Eva Rivera is a proud lesbian Chicana, daughter, sister and sex worker who can walk in 6 inch heels and twirl naked on a pole in front of total strangers but is still viciously afraid of moths. She hails from Fresno, CA and is a poet and aspiring film maker. You can find her more personal writing on her blog.
I love dancing in this city. It’s bright life and blatant debauchery make me feel at home and comfortable at being a contradiction myself. If you don’t know where I’m talking about, it doesn’t matter. It could probably be anywhere. The types of customers I entertain are the same everywhere I’ve been. And I don’t mean that in the allmenarepigs sort of way. But that my body, my identity, my job sometimes force reactions out of people that I can’t help but notice. I get two types of customers often. The ones that want an experience with someone different from them. Someone they would otherize in any other context not related to sex. And the other are what I call the saviors. They are just the men who want to whisk me away from the evil, soul-crush of the club. Probably to fuck me for free.
I’m the only Chicana in the club. The only one they’ve actually hired. Maybe the only one dancing on Bourbon street. I dance to Shakira sometimes because her music makes me feel like shaking my ass even on an empty Monday evening. But that explanation seems to get lost on customers who are there to fulfill fantasies. I get the what-are-yous? often and try to steer that conversation towards the private $30 booths in the back. I’ll tell you what I am while I grind on your lap. You’ll smile and say you knew it and tell me that i’m rare around here. Like a rare meat. Or laugh and say you thought I was “something more exotic like Asian.” Don’t talk politics though, this is just about sex. This moment you feel up my breasts and the next day you scoff at the morning papers article on the DREAMers. Where are you from? “California.” He nods his head like that was the answer he expected, like why even ask, I already knew.

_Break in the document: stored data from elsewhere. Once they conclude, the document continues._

lemma negligible_if_le_linear_over_power_2:
  assumes "\<And>l. \<bar>f l\<bar> \<le> (a * real l + b) / 2 ^ l"
  shows "negligible f"
  unfolding negligible_def
proof
  fix c :: nat
  have "((\<lambda>l::nat. real l ^ c * (a * real l + b) / 2 ^ l) \<longlongrightarrow> 0) sequentially"
    by real_asymp
  then have "\<forall>\<^sub>F l in sequentially. real l ^ c * (a * real l + b) / 2 ^ l < 1"
    by (rule order_tendstoD) simp
  then show "\<forall>\<^sub>F l in sequentially. \<bar>f l\<bar> \<le> inverse (real l ^ c)"
    using eventually_ge_at_top[of 1]
  proof eventually_elim
    case (elim l)
    then have "(a * real l + b) / 2 ^ l \<le> inverse (real l ^ c)"
      by (simp add: field_simps)
    then show ?case
      using assms[of l] by linarith
  qed
qed

lemma abs_diff_half_power_le:
  fixes u :: real
  assumes "0 \<le> u" "u \<le> c / 2 ^ l" "0 \<le> c"
  shows "\<bar>u - (1/2) ^ l\<bar> \<le> (c + 1) / 2 ^ l"
proof -
  have "(1/2) ^ l = 1 / (2 :: real) ^ l" "0 \<le> 1 / (2 :: real) ^ l"
    by (simp_all add: power_one_over)
  moreover have "(c + 1) / 2 ^ l = c / 2 ^ l + 1 / (2 :: real) ^ l"
    by (simp add: add_divide_distrib)
  moreover have "0 \<le> c / (2 :: real) ^ l"
    using assms(3) by simp
  ultimately show ?thesis
    unfolding abs_le_iff using assms(1,2) by linarith
qed

lemma boxplus_fill_wildcards:
  assumes "length x = l"
  shows "boxplus l (map (case_option c id) (wild x (kernel l h))) h = boxplus l x h"
  using assms by (auto simp: boxplus_def wild_def kernel_def)

lemma length_chx_world:
  assumes "w \<in> set_pmf (world_pmf Z l)"
  shows "length (chx w) = l"
  using assms by (auto simp: world_pmf_def set_pmf_of_set[OF bits_nonempty finite_bits]) (simp add: bits_def)

theorem lemma6p3:
  fixes Z :: "nat \<Rightarrow> (bool list \<Rightarrow> bool list) \<Rightarrow> bool list \<Rightarrow> bool list \<Rightarrow> bool list pmf"
    and incl_z incl_zh :: bool
  assumes "\<And>l H a b. set_pmf (Z l H a b) \<subseteq> bits l"
  shows
    "negl_eq (\<lambda>l. guess_chance (world_pmf Z l) (\<lambda>w. orc w)
                 (\<lambda>w. boxplus l (chx w) (token w)))
             (\<lambda>l. (1/2) ^ l) \<and>
     negl_eq (\<lambda>l. guess_chance (world_pmf Z l) (\<lambda>w. (orc w, chx w, chz w))
                 (\<lambda>w. boxplus l (chx w) (token w)))
             (\<lambda>l. (1/2) ^ l) \<and>
     negl_eq (\<lambda>l. guess_chance (world_pmf Z l)
                 (\<lambda>w. (orc w, cta w, ctb w, sec w, wild (chx w) (kernel l (token w))))
                 (\<lambda>w. boxplus l (chx w) (token w)))
             (\<lambda>l. 1) \<and>
     negl_eq (\<lambda>l. guess_chance (world_pmf Z l)
                 (\<lambda>w. (orc w, cta w, ctb w, sec w, chx w,
                       if incl_z then Some (chz w) else None,
                       if incl_zh then Some (boxplus l (chz w) (token w)) else None))
                 (\<lambda>w. boxplus l (chx w) (token w)))
             (\<lambda>l. 1)"
proof -
  let ?target = "\<lambda>l w. boxplus l (chx w) (token w)"
  let ?G = "\<lambda>l. guess_chance (world_pmf Z l) (\<lambda>w. (orc w, chx w, chz w)) (?target l)"
  let ?G\<^sub>H = "\<lambda>l. guess_chance (world_pmf Z l) orc (?target l)"
  have G\<^sub>H_le: "?G\<^sub>H l \<le> (2 * real l + 5) / 2 ^ l" for l
    by (rule order.trans[OF guess_chance_mono_view[of _ fst] guess_chance_token_without_secret_le]) simp
  have "\<bar>?G l - (1/2) ^ l\<bar> \<le> (2 * real l + 6) / 2 ^ l" for l
    using abs_diff_half_power_le[OF guess_chance_nonneg guess_chance_token_without_secret_le]
    by (simp add: add.assoc)
  moreover have "\<bar>?G\<^sub>H l - (1/2) ^ l\<bar> \<le> (2 * real l + 6) / 2 ^ l" for l
    using abs_diff_half_power_le[OF guess_chance_nonneg G\<^sub>H_le] by (simp add: add.assoc)
  moreover have "guess_chance (world_pmf Z l)
      (\<lambda>w. (orc w, cta w, ctb w, sec w, wild (chx w) (kernel l (token w)))) (?target l) = 1" for l
    by (rule guess_chance_eq_1_if_determined[where
          \<phi> = "\<lambda>(H, a, b, s, x\<^sub>w). boxplus l (map (case_option False id) x\<^sub>w) (H (s @ a @ b))"])
       (simp add: boxplus_fill_wildcards length_chx_world token_def)
  moreover have "guess_chance (world_pmf Z l)
      (\<lambda>w. (orc w, cta w, ctb w, sec w, chx w,
            if incl_z then Some (chz w) else None,
            if incl_zh then Some (boxplus l (chz w) (token w)) else None)) (?target l) = 1" for l
    by (rule guess_chance_eq_1_if_determined[where \<phi> = "\<lambda>(H, a, b, s, x, _). boxplus l x (H (s @ a @ b))"])
       (simp add: token_def)
  ultimately show ?thesis
    unfolding negl_eq_def
    by (simp add: negligible_zero negligible_if_le_linear_over_power_2[where a=2 and b=6])
qed

end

The dance is over, he slips the money into the side of my g-string and stands up to walk back to his table.
Customer #2, I don’t know his name, I don’t care that much. He’s the savior type. I get them at least once per shift. He starts off with an offer usually. I’ll give you $200 to walk out of the club right now. You don’t belong here.
Wait. I don’t belong here? Where do I belong? In your bed for free, right?
You are too good for this place. This is a dead end. Go back to college. Find a real career. I smile and take a deep breath. Oh, I wish I could, yes I’m saving up, wanna help me? I pull him towards the booth, I’ll tell him all about how I have to push down hands that grab too much all night and take one’s with my teeth off the stage. I’ll look a little sad and complain that my shoes hurt my poor, small feet. The dance is over, thanks for being such a gentleman. I hate to charge but my boss is watching me.
Sure, sure. Here’s $60. Come home with me tonight, there’s nothing for you here.
My rent is due tomorrow and I don’t have too much time to waste on my personal Jesus who thinks that he’s the alternative to all the other he’s in the building. I say thanks but I just can’t, not tonight honey. He lights a cigarette and shakes his head as if I just passed up the opportunity of a lifetime and he’s sad to see me miss my chance.
The night is filled with one or the other until 3 am. I count my money quietly and tip out the bouncers and DJ. My girlfriend texts me that she’s outside waiting. I’m glad the nights over and peel off my fake lashes, head out the door to meet her in the car. My hair smells like cigarettes but she still kisses me like she doesn’t care.